3. The above limitations of liability also apply to slightly negligent breaches of duties on the part of our legal representatives or vicarious agents.

4. The customer's claims for damages due to a defect come under the statute of limitations after 1 year from the delivery of the goods. This does not apply if we may be accused of malice.

VIII. Payments

1. Our invoices are payable strictly net within 30 days after receipt. Any early payment discounts or other payment terms require a separate agreement.

2. We are entitled to demand adequate advance or partial payments if this corresponds to the contract processing and if the delivery we owe is partable.

IX. Default in payments

1. For payments after maturity interest for delay will be calculated to the amount of 8 percentage points above the respective ECB base interest rate.

2. Before the payment of payable amounts invoiced including the interest rates we are not obliged to further deliveries from current agreements.

3. If the customer is in arrears with a payment due or if significant deteriorations occur regarding his pecuniary circumstances we can demand cash payments for all outstanding deliveries before delivering the goods.

X. Applicable law

The Law of the Federal Republic of Germany applies exclusively. The regulations of the CISG (United Nations Convention on Contracts for the International Sale of Goods) do not apply.

XI. Protection provisions

We produce the technical and graphical installations required for the manufacture of the goods and charge the customer pro rata. This does not result in property rights and claims in favour of the customer. Without our permission our drafts and samples may not be reproduced, drawn or copied in any other way, distributed or used commercially without our consent. We exclusively reserve all exploitations rights. If for the production of the goods the customer supplies any personal templates or production regulations the relevant copyrights remains with him. If third parties assert claims due to any breaches of copyrights the customer exclusively is obliged and entitled to defend such covetous claims.

XII. Place of fulfilment

The place of fulfilment for both contractual parties is Wiehl.

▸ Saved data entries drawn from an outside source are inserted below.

(* Let $M$ be a multiplication $L$-module and $\delta_1(A)=(\sqrt{(A:I_M)})I_M$. Then for every proper element $N\in M$, $N\leqslant\delta_1\big((N:I_M)N\big)$, and equality holds if $N$ is prime.
   Context: $L$ is a multiplicative lattice (complete lattice with commutative, associative multiplication distributing over arbitrary joins, identity $1$), compactly generated, $1$ compact, finite products of compact elements compact; $L_\ast$ = compact elements. An $L$-module is a complete lattice $M$ (least $O_M$, greatest $I_M$) with product $aB\in M$ satisfying $(\bigvee a_\alpha)A=\bigvee(a_\alpha A)$, $a(\bigvee A_\alpha)=\bigvee(aA_\alpha)$, $(ab)A=a(bA)$, $1A=A$, $0A=O_M$. $(A:B)=\bigvee\{x\in L:xB\leqslant A\}$; $\sqrt a=\bigvee\{x\in L_\ast:x^n\leqslant a\text{ for some }n\in\mathbb Z_+\}$. $M$ is a multiplication module if every element of $M$ is $aI_M$ for some $a\in L$. Proper means $<I_M$. A proper $N\in M$ is prime if $aX\leqslant N$ ($a\in L$, $X\in M$) implies $X\leqslant N$ or $aI_M\leqslant N$. *)

theory Defs
  imports Main
begin

text \<open>Multiplicative lattices: the carrier is a type 'a that is a complete lattice and a
  commutative monoid (multiplication commutative, associative, with identity 1).
  The least element 0 of L is bot.\<close>

definition compact_el :: "'a::complete_lattice \<Rightarrow> bool" where
  "compact_el x \<longleftrightarrow> (\<forall>S. x \<le> Sup S \<longrightarrow> (\<exists>T. finite T \<and> T \<subseteq> S \<and> x \<le> Sup T))"

definition mult_lattice :: "('a::{complete_lattice, comm_monoid_mult}) itself \<Rightarrow> bool" where
  "mult_lattice _ \<longleftrightarrow>
     (\<forall>(a::'a) S. a * Sup S = Sup ((\<lambda>s. a * s) ` S)) \<and>
     (\<forall>(x::'a). x = Sup {c. compact_el c \<and> c \<le> x}) \<and>
     compact_el (1::'a) \<and>
     (\<forall>(a::'a) b. compact_el a \<longrightarrow> compact_el b \<longrightarrow> compact_el (a * b))"

definition L_module :: "('a::{complete_lattice, comm_monoid_mult} \<Rightarrow> 'm::complete_lattice \<Rightarrow> 'm) \<Rightarrow> bool" where
  "L_module act \<longleftrightarrow>
     (\<forall>S A. act (Sup S) A = Sup ((\<lambda>a. act a A) ` S)) \<and>
     (\<forall>a T. act a (Sup T) = Sup (act a ` T)) \<and>
     (\<forall>a b A. act (a * b) A = act a (act b A)) \<and>
     (\<forall>A. act 1 A = A) \<and>
     (\<forall>A. act bot A = bot)"

definition mcolon :: "('a::{complete_lattice, comm_monoid_mult} \<Rightarrow> 'm::complete_lattice \<Rightarrow> 'm) \<Rightarrow> 'm \<Rightarrow> 'm \<Rightarrow> 'a" where
  "mcolon act A B = Sup {x. act x B \<le> A}"

definition lrad :: "'a::{complete_lattice, comm_monoid_mult} \<Rightarrow> 'a" where
  "lrad a = Sup {x. compact_el x \<and> (\<exists>n::nat. n \<ge> 1 \<and> x ^ n \<le> a)}"

definition multiplication_module :: "('a::{complete_lattice, comm_monoid_mult} \<Rightarrow> 'm::complete_lattice \<Rightarrow> 'm) \<Rightarrow> bool" where
  "multiplication_module act \<longleftrightarrow> (\<forall>N. \<exists>a. N = act a top)"

definition prime_el :: "('a::{complete_lattice, comm_monoid_mult} \<Rightarrow> 'm::complete_lattice \<Rightarrow> 'm) \<Rightarrow> 'm \<Rightarrow> bool" where
  "prime_el act N \<longleftrightarrow> N < top \<and> (\<forall>a X. act a X \<le> N \<longrightarrow> X \<le> N \<or> act a top \<le> N)"

definition delta1 :: "('a::{complete_lattice, comm_monoid_mult} \<Rightarrow> 'm::complete_lattice \<Rightarrow> 'm) \<Rightarrow> 'm \<Rightarrow> 'm" where
  "delta1 act A = act (lrad (mcolon act A top)) top"

end

theory Submission
  imports Defs
begin

text \<open>In a multiplication module every element satisfies \<open>N = (N:I)I\<close>, so with \<open>a = (N:I)\<close>
  we get \<open>(N:I)N = a\<^sup>2 I\<close>. Hence \<open>a\<^sup>2 \<le> ((N:I)N : I)\<close>, which puts \<open>a\<close> below the radical
  of that residual and gives \<open>N = aI \<le> \<delta>\<^sub>1((N:I)N)\<close>. Conversely, if \<open>N\<close> is prime then
  \<open>x\<^sup>n I \<le> (N:I)N \<le> N\<close> forces \<open>xI \<le> N\<close>, so every compact element of the radical
  multiplies \<open>I\<close> into \<open>N\<close>, and \<open>\<delta>\<^sub>1((N:I)N) \<le> N\<close>.\<close>

lemma L_module_act_mult:
  assumes "L_module act" shows "act (a * b) X = act a (act b X)"
  using assms unfolding L_module_def by blast

lemma L_module_act_mono_left:
  assumes "L_module act" "a \<le> b" shows "act a X \<le> act b X"
proof -
  have "act (Sup {a, b}) X = Sup ((\<lambda>a. act a X) ` {a, b})"
    using assms(1) unfolding L_module_def by blast
  with assms(2) have "act b X = sup (act a X) (act b X)" by (simp add: sup_absorb2)
  then show ?thesis by (metis sup.cobounded1)
qed

lemma L_module_act_mono_right:
  assumes "L_module act" "X \<le> Y" shows "act a X \<le> act a Y"
proof -
  have "act a (Sup {X, Y}) = Sup (act a ` {X, Y})"
    using assms(1) unfolding L_module_def by blast
  with assms(2) have "act a Y = sup (act a X) (act a Y)" by (simp add: sup_absorb2)
  then show ?thesis by (metis sup.cobounded1)
qed

lemma mult_lattice_mult_left_mono:
  fixes a b c :: "'a::{complete_lattice, comm_monoid_mult}"
  assumes "mult_lattice TYPE('a)" "a \<le> b" shows "c * a \<le> c * b"
proof -
  have "c * Sup {a, b} = Sup ((\<lambda>s. c * s) ` {a, b})"
    using assms(1) unfolding mult_lattice_def by blast
  with assms(2) have "c * b = sup (c * a) (c * b)" by (simp add: sup_absorb2)
  then show ?thesis by (metis sup.cobounded1)
qed

lemma mult_lattice_power_mono:
  fixes a b :: "'a::{complete_lattice, comm_monoid_mult}"
  assumes "mult_lattice TYPE('a)" "a \<le> b" shows "a ^ n \<le> b ^ n"
proof (induction n)
  case 0 then show ?case by simp
next
  case (Suc n)
  have "a * a ^ n \<le> a * b ^ n" by (rule mult_lattice_mult_left_mono[OF assms(1) Suc.IH])
  also have "\<dots> = b ^ n * a" by (simp add: mult.commute)
  also have "\<dots> \<le> b ^ n * b" by (rule mult_lattice_mult_left_mono[OF assms])
  finally show ?case by (simp add: mult.commute)
qed

lemma le_mcolon_iff:
  assumes "L_module act" shows "x \<le> mcolon act A B \<longleftrightarrow> act x B \<le> A"
proof
  have "act (mcolon act A B) B = Sup ((\<lambda>x. act x B) ` {x. act x B \<le> A})"
    using assms unfolding L_module_def mcolon_def by blast
  also have "\<dots> \<le> A" by (rule Sup_least) auto
  finally have "act (mcolon act A B) B \<le> A" .
  then show "act x B \<le> A" if "x \<le> mcolon act A B"
    by (rule order.trans[OF L_module_act_mono_left[OF assms that]])
next
  show "act x B \<le> A \<Longrightarrow> x \<le> mcolon act A B"
    unfolding mcolon_def by (auto intro: Sup_upper)
qed

lemma act_mcolon_le:
  assumes "L_module act" shows "act (mcolon act A B) B \<le> A"
  using le_mcolon_iff[OF assms] by blast

lemma multiplication_module_eq_colon_top:
  assumes "L_module act" "multiplication_module act"
  shows "act (mcolon act N top) top = N"
proof (rule order.antisym)
  show "act (mcolon act N top) top \<le> N" by (rule act_mcolon_le[OF assms(1)])
  obtain b where b: "N = act b top"
    using assms(2) unfolding multiplication_module_def by blast
  then have "b \<le> mcolon act N top" using le_mcolon_iff[OF assms(1)] by simp
  from L_module_act_mono_left[OF assms(1) this, of top] show "N \<le> act (mcolon act N top) top"
    by (simp only: b[symmetric])
qed

lemma le_lrad_if_power_le:
  fixes a c :: "'a::{complete_lattice, comm_monoid_mult}"
  assumes "mult_lattice TYPE('a)" "n \<ge> 1" "a ^ n \<le> c"
  shows "a \<le> lrad c"
proof -
  have "a = Sup {x. compact_el x \<and> x \<le> a}"
    using assms(1) unfolding mult_lattice_def by blast
  also have "\<dots> \<le> lrad c" unfolding lrad_def
  proof (rule Sup_subset_mono, rule subsetI, elim CollectE conjE)
    fix x assume "compact_el x" "x \<le> a"
    moreover have "x ^ n \<le> c"
      using mult_lattice_power_mono[OF assms(1) \<open>x \<le> a\<close>] assms(3) by (rule order.trans)
    ultimately show "x \<in> {x. compact_el x \<and> (\<exists>n::nat. n \<ge> 1 \<and> x ^ n \<le> c)}"
      using assms(2) by blast
  qed
  finally show ?thesis .
qed

lemma prime_el_act_power_le:
  assumes "L_module act" "prime_el act N" "act (x ^ n) top \<le> N"
  shows "act x top \<le> N"
  using assms(3)
proof (induction n)
  case 0
  then have "N = top" using assms(1) unfolding L_module_def by (simp add: top_unique)
  then show ?case by simp
next
  case (Suc n)
  then have "act x (act (x ^ n) top) \<le> N" by (simp add: L_module_act_mult[OF assms(1)])
  then have "act (x ^ n) top \<le> N \<or> act x top \<le> N"
    using assms(2) unfolding prime_el_def by blast
  then show ?case using Suc.IH by blast
qed

lemma prime_el_act_lrad_le:
  assumes "L_module act" "prime_el act N" "act c top \<le> N"
  shows "act (lrad c) top \<le> N"
proof -
  have "act (lrad c) top
      = Sup ((\<lambda>x. act x top) ` {x. compact_el x \<and> (\<exists>n::nat. n \<ge> 1 \<and> x ^ n \<le> c)})"
    using assms(1) unfolding L_module_def lrad_def by blast
  also have "\<dots> \<le> N"
  proof (rule Sup_least, clarify)
    fix x n assume "x ^ n \<le> c"
    have "act (x ^ n) top \<le> N"
      using L_module_act_mono_left[OF assms(1) \<open>x ^ n \<le> c\<close>] assms(3) by (rule order.trans)
    then show "act x top \<le> N" by (rule prime_el_act_power_le[OF assms(1,2)])
  qed
  finally show ?thesis .
qed

theorem theorem3p20:
  fixes act :: "'a::{complete_lattice, comm_monoid_mult} \<Rightarrow> 'm::complete_lattice \<Rightarrow> 'm"
    and N :: 'm
  assumes "mult_lattice TYPE('a)"
    and "L_module act"
    and "multiplication_module act"
    and "N < top"
  shows "N \<le> delta1 act (act (mcolon act N top) N) \<and>
         (prime_el act N \<longrightarrow> N = delta1 act (act (mcolon act N top) N))"
proof -
  define a where "a = mcolon act N top"
  define c where "c = mcolon act (act a N) top"
  have N: "N = act a top"
    unfolding a_def using multiplication_module_eq_colon_top[OF assms(2,3)] by simp
  have "act (a ^ 2) top = act a N"
    by (simp add: N power2_eq_square L_module_act_mult[OF assms(2)])
  then have "a ^ 2 \<le> c" unfolding c_def by (simp add: le_mcolon_iff[OF assms(2)])
  then have "a \<le> lrad c" using le_lrad_if_power_le[OF assms(1), of 2] by simp
  from L_module_act_mono_left[OF assms(2) this, of top] have le: "N \<le> delta1 act (act a N)"
    unfolding delta1_def c_def[symmetric] by (simp only: N[symmetric])
  have "delta1 act (act a N) \<le> N" if "prime_el act N"
  proof -
    have "act c top \<le> act a N" unfolding c_def by (rule act_mcolon_le[OF assms(2)])
    also have "act a N \<le> N"
      by (subst (2) N) (rule L_module_act_mono_right[OF assms(2) top_greatest])
    finally show ?thesis
      unfolding delta1_def c_def[symmetric] by (rule prime_el_act_lrad_le[OF assms(2) that])
  qed
  with le show ?thesis unfolding a_def by (auto intro: order.antisym)
qed

end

XIII. Place of jurisdiction

The exclusive place of jurisdiction for all disputes from this contract is our business location. This also applies if the customer does not have a general place of jurisdiction in Germany or if his places of residence or habitual residence are not known at the time of the commencement of proceedings.

XIX. Final provisions

Should individual provisions of this contract or the above General Terms and Conditions be or become legally invalid in full or in parts, the validity of the remaining contractual provisions shall remain unaffected thereby. The fully or partially legally invalid provision shall be replaced with a provision, which achieves or nearly achieves the economic success of the legally invalid provision. Alternatively, the Law applies.